Pam’s Perspective
Pam Otto is the Manager of Nature Programs and Interpretive Services for the St. Charles Park District
You’d think I’d know when to leave well enough alone. But no…
Even though the number of phone calls and emails I’ve received regarding woodpeckers has now surpassed the number of calls I get about rodents—the other critters who make themselves too much at home in people’s homes—I just can’t help but write about Picoides one more time.
The motivation this week actually happened on Thursday, around 7 a.m., as I was letting the dogs out for the first of their morning constitutionals. My sleep-fogged brain was just starting to process that it was hearing, for the first time in months, the “what-cheer” song of the Northern cardinal, when it heard another unmistakable sound: the persistent drumming of a woodpecker, banging furiously on a hollow branch to declare his territory.
Normally we hear these songs and sounds a little later, like in February, but with the warmer temperatures we’ve had this winter I suppose we’re all a little off. At any rate, the cardinal soon moved on to other things but the woodpecker was still drumming at 7:30, when I let the dogs out for Round 2. Which then got me to musing, as I always do when I hear drumming, what a remarkable structure the woodpecker’s skull is.
Think about it. What if your lot in life was to bang your head against a tree, or maybe a gutter, any time you wanted to call attention to yourself? The repeated thrashing would soon bruise your delicate noggin, while inside your brain would slosh around, swell and soon cease to function.
Not so the woodpecker. Even after repeated bouts of drumming, with deceleration rates of more than 1000 times the force of gravity each time its beak hits the solid object, a woodpecker retains all its faculties. How can this be?
The secret lies in a series of intricate adaptations woodpeckers have developed over millions of years of head banging.

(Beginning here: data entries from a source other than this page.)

lemma bounded_lipschitz_on_weighted_integral:
  fixes f :: "'c::metric_space \<Rightarrow> 'b::euclidean_space" and \<gamma> :: "'a::metric_space \<Rightarrow> real \<Rightarrow> 'c"
  assumes w: "w integrable_on {0..1}" "\<And>s. s \<in> {0..1} \<Longrightarrow> 0 \<le> w s"
    and f: "bounded_lipschitz_on T f"
    and \<gamma>_cont: "\<And>p. p \<in> S \<Longrightarrow> continuous_on {0..1} (\<gamma> p)"
    and \<gamma>_in: "\<And>p s. p \<in> S \<Longrightarrow> s \<in> {0..1} \<Longrightarrow> \<gamma> p s \<in> T"
    and \<gamma>_lip: "\<And>s. s \<in> {0..1} \<Longrightarrow> K-lipschitz_on S (\<lambda>p. \<gamma> p s)"
  shows "bounded_lipschitz_on S (\<lambda>p. integral {0..1} (\<lambda>s. w s *\<^sub>R f (\<gamma> p s)))"
proof -
  obtain B L where B: "\<And>t. t \<in> T \<Longrightarrow> norm (f t) \<le> B" and L: "L-lipschitz_on T f"
    using bounded_lipschitz_onE[OF f] by blast
  have cont: "continuous_on {0..1} (\<lambda>s. f (\<gamma> p s))" if "p \<in> S" for p
    by (rule continuous_on_compose2[OF bounded_lipschitz_on_continuous_on[OF f] \<gamma>_cont[OF that]])
      (use \<gamma>_in that in blast)
  have K: "0 \<le> K" using \<gamma>_lip[of 0] by (simp add: lipschitz_on_nonneg)
  have W: "0 \<le> integral {0..1} w" by (rule integral_nonneg[OF w(1)]) (use w(2) in auto)
  show ?thesis
  proof (rule bounded_lipschitz_onI)
    show "norm (integral {0..1} (\<lambda>s. w s *\<^sub>R f (\<gamma> p s))) \<le> integral {0..1} w * B" if "p \<in> S" for p
      by (rule norm_integral_weighted_le[OF w cont[OF that] B[OF \<gamma>_in[OF that]]])
    show "(integral {0..1} w * (L * K))-lipschitz_on S (\<lambda>p. integral {0..1} (\<lambda>s. w s *\<^sub>R f (\<gamma> p s)))"
    proof (rule lipschitz_onI)
      fix p q assume pq: "p \<in> S" "q \<in> S"
      have "integral {0..1} (\<lambda>s. w s *\<^sub>R f (\<gamma> p s)) - integral {0..1} (\<lambda>s. w s *\<^sub>R f (\<gamma> q s))
          = integral {0..1} (\<lambda>s. w s *\<^sub>R (f (\<gamma> p s) - f (\<gamma> q s)))"
        unfolding scaleR_diff_right
        by (intro integral_diff[symmetric] integrable_weighted_continuous w cont pq)
      also have "norm \<dots> \<le> integral {0..1} w * (L * (K * dist p q))"
      proof (rule norm_integral_weighted_le[OF w])
        show "continuous_on {0..1} (\<lambda>s. f (\<gamma> p s) - f (\<gamma> q s))"
          using pq by (intro continuous_on_diff cont)
        fix s :: real assume s: "s \<in> {0..1}"
        have "dist (f (\<gamma> p s)) (f (\<gamma> q s)) \<le> L * dist (\<gamma> p s) (\<gamma> q s)"
          using \<gamma>_in pq s by (intro lipschitz_onD[OF L])
        also have "\<dots> \<le> L * (K * dist p q)"
          using lipschitz_onD[OF \<gamma>_lip[OF s] pq] lipschitz_on_nonneg[OF L] by (simp add: mult_left_mono)
        finally show "norm (f (\<gamma> p s) - f (\<gamma> q s)) \<le> L * (K * dist p q)" by (simp add: dist_norm)
      qed
      finally show "dist (integral {0..1} (\<lambda>s. w s *\<^sub>R f (\<gamma> p s))) (integral {0..1} (\<lambda>s. w s *\<^sub>R f (\<gamma> q s)))
          \<le> integral {0..1} w * (L * K) * dist p q"
        by (simp add: dist_norm mult_ac)
    qed (use W K lipschitz_on_nonneg[OF L] in simp)
  qed
qed

lemma powr_minus_half: "0 \<le> a \<Longrightarrow> a powr (-1/2) = inverse (sqrt a)"
  using powr_minus[of a "1/2"] by (simp add: powr_half_sqrt)

lemma integrable_powr_minus_half: "(\<lambda>s::real. s powr (-1/2)) integrable_on {0..1}"
  by (rule integrable_on_powr_from_0) auto

text \<open>Pairs are (u, x) as in the paper, so the segment runs from snd p to fst p.\<close>
definition lerp :: "real \<times> real \<Rightarrow> real \<Rightarrow> real" where
  "lerp p s = snd p + s * (fst p - snd p)"

lemma lerp_in_interval:
  assumes "p \<in> {a..b} \<times> {a..b}" "s \<in> {0..1}"
  shows "lerp p s \<in> {a..b}"
proof -
  have "(1 - s) *\<^sub>R snd p + s *\<^sub>R fst p \<in> {a..b}"
    using assms by (intro convexD) auto
  thus ?thesis by (simp add: lerp_def algebra_simps)
qed

lemma lipschitz_on_lerp: "s \<in> {0..1} \<Longrightarrow> 1-lipschitz_on S (\<lambda>p. lerp p s)"
proof (rule lipschitz_onI)
  fix p q assume s: "s \<in> {0..1}"
  have "dist (lerp p s) (lerp q s) = \<bar>(1 - s) * (snd p - snd q) + s * (fst p - fst q)\<bar>"
    by (simp add: lerp_def dist_real_def algebra_simps)
  also have "\<dots> \<le> (1 - s) * \<bar>snd p - snd q\<bar> + s * \<bar>fst p - fst q\<bar>"
    using s by (auto intro: order_trans[OF abs_triangle_ineq] simp: abs_mult)
  also have "\<dots> \<le> (1 - s) * dist p q + s * dist p q"
    using s dist_fst_le[of p q] dist_snd_le[of p q]
    by (intro add_mono mult_left_mono) (auto simp: dist_real_def)
  finally show "dist (lerp p s) (lerp q s) \<le> 1 * dist p q" by (simp add: algebra_simps)
qed simp

lemma continuous_on_lerp: "continuous_on A (lerp p)"
  unfolding lerp_def by (intro continuous_intros)

lemma diff_eq_mean_derivative:
  assumes f: "\<And>t. t \<in> {a..b} \<Longrightarrow> (f has_real_derivative f' t) (at t within {a..b})"
    and f': "continuous_on {a..b} f'"
    and p: "p \<in> {a..b} \<times> {a..b}"
  shows "f (fst p) - f (snd p) = (fst p - snd p) * integral {0..1} (\<lambda>\<tau>. f' (lerp p \<tau>))"
proof -
  have lerp_in: "lerp p ` {0..1} \<subseteq> {a..b}" using lerp_in_interval[OF p] by blast
  have "((\<lambda>\<tau>. f (lerp p \<tau>)) has_vector_derivative (fst p - snd p) * f' (lerp p \<tau>)) (at \<tau> within {0..1})"
    if "\<tau> \<in> {0..1}" for \<tau>
  proof -
    have "(f has_real_derivative f' (lerp p \<tau>)) (at (lerp p \<tau>) within lerp p ` {0..1})"
      using f lerp_in that by (blast intro: DERIV_subset)
    moreover have "(lerp p has_real_derivative (fst p - snd p)) (at \<tau> within {0..1})"
      unfolding lerp_def by (auto intro!: derivative_eq_intros)
    ultimately have "((f \<circ> lerp p) has_real_derivative f' (lerp p \<tau>) * (fst p - snd p)) (at \<tau> within {0..1})"
      by (rule DERIV_image_chain)
    thus ?thesis by (simp add: has_real_derivative_iff_has_vector_derivative o_def mult.commute)
  qed
  hence "((\<lambda>\<tau>. (fst p - snd p) * f' (lerp p \<tau>)) has_integral f (lerp p 1) - f (lerp p 0)) {0..1}"
    by (intro fundamental_theorem_of_calculus) auto
  hence "((\<lambda>\<tau>. (fst p - snd p) * f' (lerp p \<tau>)) has_integral f (fst p) - f (snd p)) {0..1}"
    by (simp add: lerp_def)
  moreover have "(\<lambda>\<tau>. f' (lerp p \<tau>)) integrable_on {0..1}"
    by (intro integrable_continuous_interval continuous_on_compose2[OF f' continuous_on_lerp lerp_in])
  hence "((\<lambda>\<tau>. (fst p - snd p) * f' (lerp p \<tau>)) has_integral
      (fst p - snd p) * integral {0..1} (\<lambda>\<tau>. f' (lerp p \<tau>))) {0..1}"
    by (rule has_integral_mult_right[OF integrable_integral])
  ultimately show ?thesis by (rule has_integral_unique)
qed

lemma continuous_pos_lower_bound:
  fixes f :: "'a::topological_space \<Rightarrow> real"
  assumes "compact S" "continuous_on S f" "\<And>x. x \<in> S \<Longrightarrow> 0 < f x"
  obtains m where "0 < m" "\<And>x. x \<in> S \<Longrightarrow> m \<le> f x"
proof (cases "S = {}")
  case False
  then obtain x0 where "x0 \<in> S" "\<And>x. x \<in> S \<Longrightarrow> f x0 \<le> f x"
    using continuous_attains_inf[OF assms(1) _ assms(2)] by blast
  thus ?thesis using that assms(3) by blast
qed (use that[of 1] in simp)

lemma lipschitz_on_of_bounded_derivative:
  fixes f :: "real \<Rightarrow> real"
  assumes "\<And>t. t \<in> {a..b} \<Longrightarrow> (f has_real_derivative f' t) (at t within {a..b})"
    and "\<And>t. t \<in> {a..b} \<Longrightarrow> \<bar>f' t\<bar> \<le> B" "0 \<le> B"
  shows "B-lipschitz_on {a..b} f"
proof (rule lipschitz_onI)
  fix x y assume "x \<in> {a..b}" "y \<in> {a..b}"
  thus "dist (f x) (f y) \<le> B * dist x y"
    unfolding dist_norm by (intro field_differentiable_bound[of "{a..b}" f f']) (use assms in auto)
qed fact

locale herglotz_profile =
  fixes R :: real and c c' :: "real \<Rightarrow> real" and lam :: "real \<Rightarrow> complex"
  assumes R: "0 < R" "R < 1"
    and c_pos: "\<forall>r\<in>{R..1}. c r > 0"
    and c_deriv: "\<forall>r\<in>{R..1}. (c has_real_derivative c' r) (at r within {R..1})"
    and c'_lip: "\<exists>L. L-lipschitz_on {R..1} c'"
    and herglotz: "\<forall>r\<in>{R..1}. \<exists>D>0. ((\<lambda>t. t / c t) has_real_derivative D) (at r within {R..1})"
    and lam_lip: "\<exists>L. L-lipschitz_on {R..1} lam"
begin

lemma bounded_lipschitz_c': "bounded_lipschitz_on {R..1} c'"
  using c'_lip lipschitz_on_bounded_imp_bounded_lipschitz_on bounded_closed_interval by blast

lemma bounded_lipschitz_lam: "bounded_lipschitz_on {R..1} lam"
  using lam_lip lipschitz_on_bounded_imp_bounded_lipschitz_on bounded_closed_interval by blast

lemma bounded_lipschitz_id: "bounded_lipschitz_on {R..1} (\<lambda>t. t)"
  by (rule lipschitz_on_bounded_imp_bounded_lipschitz_on[OF lipschitz_on_id]) simp

lemma bounded_lipschitz_c: "bounded_lipschitz_on {R..1} c"
proof -
  obtain B where "0 \<le> B" "\<And>t. t \<in> {R..1} \<Longrightarrow> norm (c' t) \<le> B"
    using bounded_lipschitz_onE[OF bounded_lipschitz_c'] by blast
  hence "B-lipschitz_on {R..1} c"
    using c_deriv by (intro lipschitz_on_of_bounded_derivative) auto
  thus ?thesis by (rule lipschitz_on_bounded_imp_bounded_lipschitz_on) simp
qed

lemma c_lower_bound: obtains m where "0 < m" "\<And>t. t \<in> {R..1} \<Longrightarrow> m \<le> c t"
  using continuous_pos_lower_bound[OF compact_Icc bounded_lipschitz_on_continuous_on[OF bounded_lipschitz_c]]
    c_pos by blast

definition rho :: "real \<Rightarrow> real" where "rho t = t / c t"

definition rho' :: "real \<Rightarrow> real" where "rho' t = (c t - t * c' t) / (c t)\<^sup>2"

lemma rho_deriv: "t \<in> {R..1} \<Longrightarrow> (rho has_real_derivative rho' t) (at t within {R..1})"
proof -
  assume t: "t \<in> {R..1}"
  have "((\<lambda>t. t / c t) has_real_derivative (1 * c t - t * c' t) / (c t * c t)) (at t within {R..1})"
    using c_pos t by (intro DERIV_divide DERIV_ident c_deriv[rule_format, OF t]) force
  thus ?thesis by (simp add: rho_def[abs_def] rho'_def power2_eq_square)
qed

lemma rho'_pos: "t \<in> {R..1} \<Longrightarrow> 0 < rho' t"
proof -
  assume t: "t \<in> {R..1}"
  obtain D where D: "D > 0" "(rho has_real_derivative D) (at t within {R..1})"
    using herglotz t unfolding rho_def[abs_def] by blast
  have "D = rho' t"
    using vector_derivative_unique_within_closed_interval[OF R(2)] t D(2) rho_deriv[OF t]
    by (simp add: has_real_derivative_iff_has_vector_derivative)
  thus ?thesis using D(1) by simp
qed

lemma bounded_lipschitz_rho: "bounded_lipschitz_on {R..1} rho"
proof -
  obtain m where m: "0 < m" "\<And>t. t \<in> {R..1} \<Longrightarrow> m \<le> c t" using c_lower_bound by blast
  show ?thesis unfolding rho_def[abs_def]
    by (rule bounded_lipschitz_on_divide[OF bounded_lipschitz_id bounded_lipschitz_c m(1)])
      (use m(2) in force)
qed

lemma bounded_lipschitz_rho': "bounded_lipschitz_on {R..1} rho'"
proof -
  obtain m where m: "0 < m" "\<And>t. t \<in> {R..1} \<Longrightarrow> m \<le> c t" using c_lower_bound by blast
  have low: "m * m \<le> norm (c t * c t)" if "t \<in> {R..1}" for t
    using m(1) m(2)[OF that] by (simp add: mult_mono)
  show ?thesis unfolding rho'_def[abs_def] power2_eq_square
  proof (rule bounded_lipschitz_on_divide[OF _ _ _ low])
    show "bounded_lipschitz_on {R..1} (\<lambda>t. c t - t * c' t)"
      by (intro bounded_lipschitz_on_diff bounded_lipschitz_on_mult bounded_lipschitz_id
          bounded_lipschitz_c bounded_lipschitz_c')
    show "bounded_lipschitz_on {R..1} (\<lambda>t. c t * c t)"
      by (intro bounded_lipschitz_on_mult bounded_lipschitz_c)
  qed (use m(1) in simp)
qed

lemma rho_lower_bound: obtains m where "0 < m" "\<And>t. t \<in> {R..1} \<Longrightarrow> m \<le> rho t"
proof (rule continuous_pos_lower_bound[OF compact_Icc bounded_lipschitz_on_continuous_on[OF bounded_lipschitz_rho]])
  show "0 < rho t" if "t \<in> {R..1}" for t using c_pos R that by (simp add: rho_def)
qed (use that in blast)

lemma rho'_lower_bound: obtains m where "0 < m" "\<And>t. t \<in> {R..1} \<Longrightarrow> m \<le> rho' t"
  using continuous_pos_lower_bound[OF compact_Icc bounded_lipschitz_on_continuous_on[OF bounded_lipschitz_rho']]
    rho'_pos by blast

For one thing, the woodpecker’s brain is packed much more tightly inside its skull than, say, a human brain, which has a fair amount of space around it. With less room to move around, there’s less chance of injury.
Second, woodpecker brains are longer from top to bottom than they are from front to back. Such a design means that the force from an impact is spread over a larger surface area, as compared to a human brain, and trauma is thus minimized.
The bird’s brain also benefits from bones with spongy structures that help diffuse the force of impact. Think of the last time you packed a delicate object. Did you toss it in a box and hope for the best, or did you nestle it in a container and surround it with soft packing material?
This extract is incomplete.